(* For every integer $n\ge 0$, \[ (-1)^n d_{n,q}=\frac{1}{n!}\sum_{m=0}^{n}2^{2n-m}B_{m,q}S_1(n,m). \]
   Context: Let $p$ be a fixed odd prime, $\mathbb{C}_p$ the completion of the algebraic closure of $\mathbb{Q}_p$, with $|p|_p=1/p$. Let $q\in\mathbb{C}_p$ with $|1-q|_p<p^{-1/(p-1)}$, and $\log$ denotes the $p$-adic logarithm. The $q$-Bernoulli numbers $B_{n,q}$ are defined by \[ \frac{(q-1)+\frac{q-1}{\log q}t}{qe^t-1}=\sum_{n=0}^\infty B_{n,q}\frac{t^n}{n!}. \] The numbers $d_{n,q}$ ($q$-analogues of the Catalan–Daehee numbers) are defined by \[ \frac{q-1+\frac{q-1}{\log q}\cdot\frac12\log(1-4t)}{q\sqrt{1-4t}-1}=\sum_{n=0}^{\infty}d_{n,q}t^n, \] for $t\in\mathbb{C}_p$ with $|t|_p<p^{-1/(p-1)}$. $S_1(n,m)$ are the Stirling numbers of the first kind, defined by $(x)_n=\sum_{l=0}^n S_1(n,l)x^l$, where $(x)_0=1$ and $(x)_n=x(x-1)\cdots(x-n+1)$ for $n\ge1$. *)

theory Defs
  imports "HOL-Computational_Algebra.Computational_Algebra"
begin

text \<open>Generating function of the q-Bernoulli numbers, as a formal power series in t.
  The parameter lq plays the role of log q.\<close>
definition qBern_gf :: "'a::field_char_0 \<Rightarrow> 'a \<Rightarrow> 'a fps" where
  "qBern_gf q lq =
     (fps_const (q - 1) + fps_const ((q - 1) / lq) * fps_X) / (fps_const q * fps_exp 1 - 1)"

definition qBern :: "'a::field_char_0 \<Rightarrow> 'a \<Rightarrow> nat \<Rightarrow> 'a" where
  "qBern q lq n = fact n * fps_nth (qBern_gf q lq) n"

definition sqrt_1m4t :: "'a::field_char_0 fps" where
  "sqrt_1m4t = Abs_fps (\<lambda>n. ((1/2) gchoose n) * (-4) ^ n)"

definition log_1m4t :: "'a::field_char_0 fps" where
  "log_1m4t = Abs_fps (\<lambda>n. if n = 0 then 0 else - (4 ^ n / of_nat n))"

definition qCD_gf :: "'a::field_char_0 \<Rightarrow> 'a \<Rightarrow> 'a fps" where
  "qCD_gf q lq =
     (fps_const (q - 1) + fps_const ((q - 1) / lq) * fps_const (1/2) * log_1m4t)
       / (fps_const q * sqrt_1m4t - 1)"

definition qCD :: "'a::field_char_0 \<Rightarrow> 'a \<Rightarrow> nat \<Rightarrow> 'a" where
  "qCD q lq n = fps_nth (qCD_gf q lq) n"

definition stirling1 :: "nat \<Rightarrow> nat \<Rightarrow> int" where
  "stirling1 n l = coeff (\<Prod>i<n. [:- int i, 1:]) l"

end

theory Submission
  imports Defs
begin

(*
  Because exp (1/2 log (1 - 4t)) = sqrt (1 - 4t), the generating function of d_{n,q} is the
  generating function of B_{n,q} composed with T = 1/2 log (1 - 4t), so
  d_{n,q} = sum_m B_{m,q} / m! [t^n] T^m. The coefficients of the powers of log (1 + x) are the
  Stirling numbers of the first kind, n! [x^n] log (1 + x)^m = m! S_1(n,m): comparing coefficients
  in (1 + x) (log (1 + x)^(m+1))' = (m + 1) log (1 + x)^m gives their recurrence. Substituting
  x = -4t yields the factor (-4)^n, which with (-1)^n and 2^(-m) from T becomes 2^(2n-m).
*)

lemma stirling1_0: "stirling1 0 m = (if m = 0 then 1 else 0)"
  by (simp add: stirling1_def one_pCons coeff_pCons split: nat.split)

lemma stirling1_Suc_0: "stirling1 (Suc n) 0 = 0"
  by (simp add: stirling1_def flip: poly_0_coeff_0) (auto simp: poly_prod)

lemma stirling1_Suc_Suc: "stirling1 (Suc n) (Suc m) = stirling1 n m - int n * stirling1 n (Suc m)"
proof -
  have "(\<Prod>i<Suc n. [:- int i, 1:]) =
      smult (- int n) (\<Prod>i<n. [:- int i, 1:]) + pCons 0 (\<Prod>i<n. [:- int i, 1:])"
    by (simp add: mult_pCons_right)
  then show ?thesis by (simp add: stirling1_def)
qed

lemma fps_ln_power_deriv:
  "(1 + fps_X) * fps_deriv (fps_ln 1 ^ Suc k) =
     fps_const (of_nat (Suc k)) * fps_ln (1::'a::field_char_0) ^ k"
proof -
  have "(1 + fps_X) * fps_deriv (fps_ln 1 ^ Suc k) =
      fps_const (of_nat (Suc k)) * fps_ln (1::'a) ^ k * ((1 + fps_X) * inverse (1 + fps_X))"
    by (simp only: fps_deriv_power fps_ln_deriv) (simp add: ac_simps)
  also have "(1 + fps_X) * inverse (1 + fps_X :: 'a fps) = 1"
    by (simp add: inverse_mult_eq_1')
  finally show ?thesis by simp
qed

lemma fps_ln_power_nth_Suc:
  "of_nat (Suc n) * (fps_ln 1 ^ Suc k) $ Suc n =
     of_nat (Suc k) * (fps_ln 1 ^ k) $ n - of_nat n * (fps_ln (1::'a::field_char_0) ^ Suc k) $ n"
proof -
  have "((1 + fps_X) * fps_deriv G) $ n = of_nat (Suc n) * G $ Suc n + of_nat n * G $ n"
    for G :: "'a fps"
    by (cases n) (simp_all add: algebra_simps del: of_nat_Suc)
  from this[of "fps_ln 1 ^ Suc k"] show ?thesis
    by (simp only: fps_ln_power_deriv fps_mult_left_const_nth) (simp add: algebra_simps del: power_Suc)
qed

lemma fps_ln_power_nth:
  "fact n * (fps_ln 1 ^ m) $ n = fact m * (of_int (stirling1 n m) :: 'a::field_char_0)"
proof (induction n arbitrary: m)
  case 0
  then show ?case by (simp add: stirling1_0 fps_nth_power_0)
next
  case (Suc n)
  show ?case
  proof (cases m)
    case 0
    then show ?thesis by (simp add: stirling1_Suc_0)
  next
    case (Suc k)
    have "fact (Suc n) * (fps_ln 1 ^ Suc k) $ Suc n
        = fact n * (of_nat (Suc n) * (fps_ln (1::'a) ^ Suc k) $ Suc n)"
      by (simp only: fact_Suc ac_simps)
    also have "\<dots> = of_nat (Suc k) * (fact n * (fps_ln 1 ^ k) $ n)
        - of_nat n * (fact n * (fps_ln 1 ^ Suc k) $ n)"
      by (simp only: fps_ln_power_nth_Suc) (simp add: algebra_simps del: power_Suc)
    also have "\<dots> = fact (Suc k) * of_int (stirling1 (Suc n) (Suc k))"
      by (simp only: Suc.IH) (simp add: stirling1_Suc_Suc algebra_simps)
    finally show ?thesis using Suc by simp
  qed
qed

lemma fps_binomial_eq_exp_ln:
  "fps_binomial c = fps_exp 1 oo (fps_const c * fps_ln (1 :: 'a::field_char_0))"
proof -
  define E :: "'a fps" where "E = fps_exp 1 oo (fps_const c * fps_ln 1)"
  have "fps_deriv E = E * (fps_const c * inverse (1 + fps_X))"
    by (simp add: E_def fps_compose_deriv fps_ln_deriv)
  also have "\<dots> = fps_const c * E / (1 + fps_X)"
    by (simp add: fps_divide_unit)
  finally have "E = fps_const (E $ 0) * fps_binomial c"
    using fps_binomial_ODE_unique by blast
  then show ?thesis by (simp add: E_def)
qed

lemma log_1m4t_eq_ln_compose: "log_1m4t = fps_ln 1 oo (fps_const (-4) * fps_X)"
proof (rule fps_ext)
  fix n
  show "log_1m4t $ n = (fps_ln 1 oo (fps_const (-4) * fps_X)) $ n"
    by (cases n) (simp_all add: log_1m4t_def fps_ln_nth power_minus')
qed

lemma sqrt_1m4t_eq_binomial_compose:
  "sqrt_1m4t = fps_binomial (1/2) oo (fps_const (-4) * fps_X)"
  by (rule fps_ext) (simp add: sqrt_1m4t_def)

lemma sqrt_1m4t_eq_exp_compose:
  "sqrt_1m4t = fps_exp 1 oo (fps_const (1/2) * (log_1m4t :: 'a::field_char_0 fps))"
  by (simp add: sqrt_1m4t_eq_binomial_compose log_1m4t_eq_ln_compose fps_binomial_eq_exp_ln
      fps_compose_assoc fps_const_mult_apply_left)

lemma log_1m4t_power_nth:
  "fact n * (log_1m4t ^ m) $ n = (-4) ^ n * fact m * (of_int (stirling1 n m) :: 'a::field_char_0)"
proof -
  have "log_1m4t ^ m = fps_ln 1 ^ m oo (fps_const (-4) * fps_X :: 'a fps)"
    by (simp add: log_1m4t_eq_ln_compose fps_compose_power)
  then have "((log_1m4t :: 'a fps) ^ m) $ n = (-4) ^ n * (fps_ln 1 ^ m) $ n"
    by simp
  then show ?thesis
    using fps_ln_power_nth[of n m, where 'a = 'a] by (simp add: mult.left_commute)
qed

lemma qBern_gf_compose:
  fixes q lq :: "'a::field_char_0"
  assumes "q \<noteq> 1" and "T $ 0 = 0"
  shows "qBern_gf q lq oo T =
    (fps_const (q - 1) + fps_const ((q - 1) / lq) * T) / (fps_const q * (fps_exp 1 oo T) - 1)"
proof -
  let ?d = "fps_const q * fps_exp 1 - 1 :: 'a fps"
  have "?d $ 0 \<noteq> 0" using assms(1) by simp
  then have "?d dvd N" and "?d oo T \<noteq> 0" for N
    by (auto intro: unit_imp_dvd dest: arg_cong[where f = "\<lambda>f. f $ 0"])
  with assms(2) have "qBern_gf q lq oo T =
      (fps_const (q - 1) + fps_const ((q - 1) / lq) * fps_X oo T) / (?d oo T)"
    unfolding qBern_gf_def by (intro fps_compose_divide_distrib)
  then show ?thesis
    using assms(2)
    by (simp add: fps_compose_add_distrib fps_compose_sub_distrib fps_compose_mult_distrib)
qed

lemma qCD_gf_eq_qBern_gf_compose:
  fixes q lq :: "'a::field_char_0"
  assumes "q \<noteq> 1"
  shows "qCD_gf q lq = qBern_gf q lq oo (fps_const (1/2) * log_1m4t)"
proof -
  have "(fps_const (1/2) * log_1m4t :: 'a fps) $ 0 = 0"
    by (simp add: log_1m4t_def)
  then show ?thesis
    by (simp add: qBern_gf_compose[OF assms] qCD_gf_def sqrt_1m4t_eq_exp_compose ac_simps)
qed

lemma qCD_eq_sum:
  fixes q lq :: "'a::field_char_0"
  assumes "q \<noteq> 1"
  shows "qCD q lq n =
    (\<Sum>m = 0..n. (-4) ^ n / (2 ^ m * fact n) * qBern q lq m * of_int (stirling1 n m))"
  unfolding qCD_def qCD_gf_eq_qBern_gf_compose[OF assms] fps_compose_nth
proof (rule sum.cong[OF refl])
  fix m
  have "fact n * (fps_const (1/2) * log_1m4t) ^ m $ n = (1/2) ^ m * (fact n * (log_1m4t ^ m) $ n)"
    by (simp add: power_mult_distrib fps_const_power ac_simps)
  also have "\<dots> = (1/2) ^ m * ((-4) ^ n * fact m * (of_int (stirling1 n m) :: 'a))"
    by (simp only: log_1m4t_power_nth)
  finally show "qBern_gf q lq $ m * (fps_const (1/2) * log_1m4t) ^ m $ n =
      (-4) ^ n / (2 ^ m * fact n) * qBern q lq m * of_int (stirling1 n m)"
    by (simp add: qBern_def field_simps)
qed

theorem theorem2:
  fixes q lq :: "'a::field_char_0" and n :: nat
  assumes "q \<noteq> 1" and "lq \<noteq> 0"
  shows "(-1) ^ n * qCD q lq n =
    1 / fact n * (\<Sum>m = 0..n. 2 ^ (2 * n - m) * qBern q lq m * of_int (stirling1 n m))"
proof -
  have power_factor_eq: "(-1) ^ n * ((-4) ^ n / (2 ^ m * fact n)) = 1 / fact n * (2 ^ (2 * n - m) :: 'a)"
    if "m \<le> n" for m
  proof -
    have "(-1) ^ n * (-4) ^ n = (2 ^ (2 * n - m) * 2 ^ m :: 'a)"
      using that by (simp flip: power_mult_distrib power_add add: power_mult)
    then show ?thesis by (simp add: field_simps)
  qed
  have "(-1) ^ n * qCD q lq n =
      (\<Sum>m = 0..n. (-1) ^ n * ((-4) ^ n / (2 ^ m * fact n)) * qBern q lq m * of_int (stirling1 n m))"
    by (simp add: qCD_eq_sum[OF assms(1)] sum_distrib_left mult.assoc)
  also have "\<dots> = (\<Sum>m = 0..n. 1 / fact n * 2 ^ (2 * n - m) * qBern q lq m * of_int (stirling1 n m))"
    by (rule sum.cong[OF refl]) (subst power_factor_eq; simp)
  finally show ?thesis
    by (simp add: sum_distrib_left mult.assoc)
qed

end
inductive_set IPC :: "form set" where
  ax1: "Imp a (Imp b a) \<in> IPC"
| ax2: "Imp (Imp a (Imp b c)) (Imp (Imp a b) (Imp a c)) \<in> IPC"
| ax3: "Imp (And a b) a \<in> IPC"
| ax4: "Imp (And a b) b \<in> IPC"
| ax5: "Imp a (Imp b (And a b)) \<in> IPC"
| ax6: "Imp a (Or a b) \<in> IPC"
| ax7: "Imp b (Or a b) \<in> IPC"
| ax8: "Imp (Imp a c) (Imp (Imp b c) (Imp (Or a b) c)) \<in> IPC"
| ax9: "Imp Bot a \<in> IPC"
| ax10: "Top \<in> IPC"
| mp: "Imp a b \<in> IPC \<Longrightarrow> a \<in> IPC \<Longrightarrow> b \<in> IPC"

fun eval :: "(nat \<Rightarrow> bool) \<Rightarrow> form \<Rightarrow> bool" where
  "eval v (Var p) = v p"
| "eval v Bot = False"
| "eval v Top = True"
| "eval v (And a b) = (eval v a \<and> eval v b)"
| "eval v (Or a b) = (eval v a \<or> eval v b)"
| "eval v (Imp a b) = (eval v a \<longrightarrow> eval v b)"

definition CPC :: "form set" where "CPC = {\<phi>. \<forall>v. eval v \<phi>}"

definition closed_mp :: "form set \<Rightarrow> bool" where
  "closed_mp T \<longleftrightarrow> (\<forall>a b. Imp a b \<in> T \<longrightarrow> a \<in> T \<longrightarrow> b \<in> T)"

definition intermediate_theory :: "form set \<Rightarrow> bool" where
  "intermediate_theory T \<longleftrightarrow> closed_mp T \<and> IPC \<subseteq> T \<and> T \<subseteq> CPC"
(* Every infinite sequence $(w_n)_{n\in\mathbb N}$ of words over a finite alphabet $A$ admits a subsequence that is $(\vec u,\vec B)$-adequate for some factorization pattern $(\vec u,\vec B)$.
   Context: For $B\subseteq A$, $B^{\circledast}$ is the set of words over $B$ in which every symbol of $B$ occurs. A factorization pattern is $(\vec u,\vec B)$ with $\vec u=(u_0,\dots,u_p)\in(A^* )^{p+1}$, $\vec B=(B_1,\dots,B_p)$ nonempty subsets of $A$, $p\ge0$. $L(\vec u,\vec B,n)=u_0(B_1^{\circledast})^nu_1\cdots(B_p^{\circledast})^nu_p$. A sequence $(w_n)_n$ is $(\vec u,\vec B)$-adequate if $w_n\in L(\vec u,\vec B,n)$ for every $n$. *)

theory Defs
  imports Main
begin

definition full_words :: "'a set \<Rightarrow> 'a list set" where
  "full_words B = {w. set w \<subseteq> B \<and> B \<subseteq> set w}"

definition lang_pow :: "'a list set \<Rightarrow> nat \<Rightarrow> 'a list set" where
  "lang_pow L n = {concat ws | ws. length ws = n \<and> set ws \<subseteq> L}"

text \<open>L(u,B,n) = u0 (B1^full)^n u1 ... (Bp^full)^n up, with u = [u0,...,up], B = [B1,...,Bp].\<close>
fun fact_lang :: "'a list list \<Rightarrow> 'a set list \<Rightarrow> nat \<Rightarrow> 'a list set" where
  "fact_lang [u] [] n = {u}"
| "fact_lang (u # us) (B # Bs) n =
     {u @ x @ y | x y. x \<in> lang_pow (full_words B) n \<and> y \<in> fact_lang us Bs n}"
| "fact_lang _ _ n = {}"

definition fact_pattern :: "'a set \<Rightarrow> 'a list list \<Rightarrow> 'a set list \<Rightarrow> bool" where
  "fact_pattern A us Bs \<longleftrightarrow> length us = length Bs + 1 \<and> (\<forall>u\<in>set us. set u \<subseteq> A)
     \<and> (\<forall>B\<in>set Bs. B \<noteq> {} \<and> B \<subseteq> A)"

definition adequate :: "'a list list \<Rightarrow> 'a set list \<Rightarrow> (nat \<Rightarrow> 'a list) \<Rightarrow> bool" where
  "adequate us Bs w \<longleftrightarrow> (\<forall>n. w n \<in> fact_lang us Bs n)"

end

theory Submission
  imports Defs "HOL-Library.Infinite_Set"
begin

(* The proof is by well-founded induction on the (finite) set C of letters used by the
   sequence.  If for every k infinitely many terms lie in (C^full)^(k+1), a diagonal
   subsequence w_(s n) in (C^full)^(n+1) fits the one-block pattern ([],[]),(C).
   Otherwise, for some k infinitely many terms avoid (C^full)^(k+1); restricting to them,
   we argue by induction on k.  Terms missing a letter of C live over a smaller alphabet
   (outer induction).  A term containing all of C and avoiding (C^full)^(k+2) splits as
   p c r, where p c is its shortest prefix containing all of C: then p uses only
   C - {c} (outer induction) and r avoids (C^full)^(k+1) (inner induction).  Patterns
   for the p's and r's are glued around the letter c, made constant by pigeonhole.

   During the construction adequacy is used with exponents shifted by one
   (w n in L(u,B,n+1)), which is stable under passing to subsequences because
   L(u,B,k) is antitone in k >= 1.  At the end the exponent-0 condition
   w_0 = u_0 ... u_p is enforced by refining the pattern along the word w_0
   (lemma fact_lang_refine). *)

abbreviation full_pow :: "'a set \<Rightarrow> nat \<Rightarrow> 'a list set" where
  "full_pow B k \<equiv> lang_pow (full_words B) k"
----------------------------------------
▶ [Exercise prompt]: Across the material above, count each line with the string "alphabet" and state the number alone.

▶ [Expected answer]: 2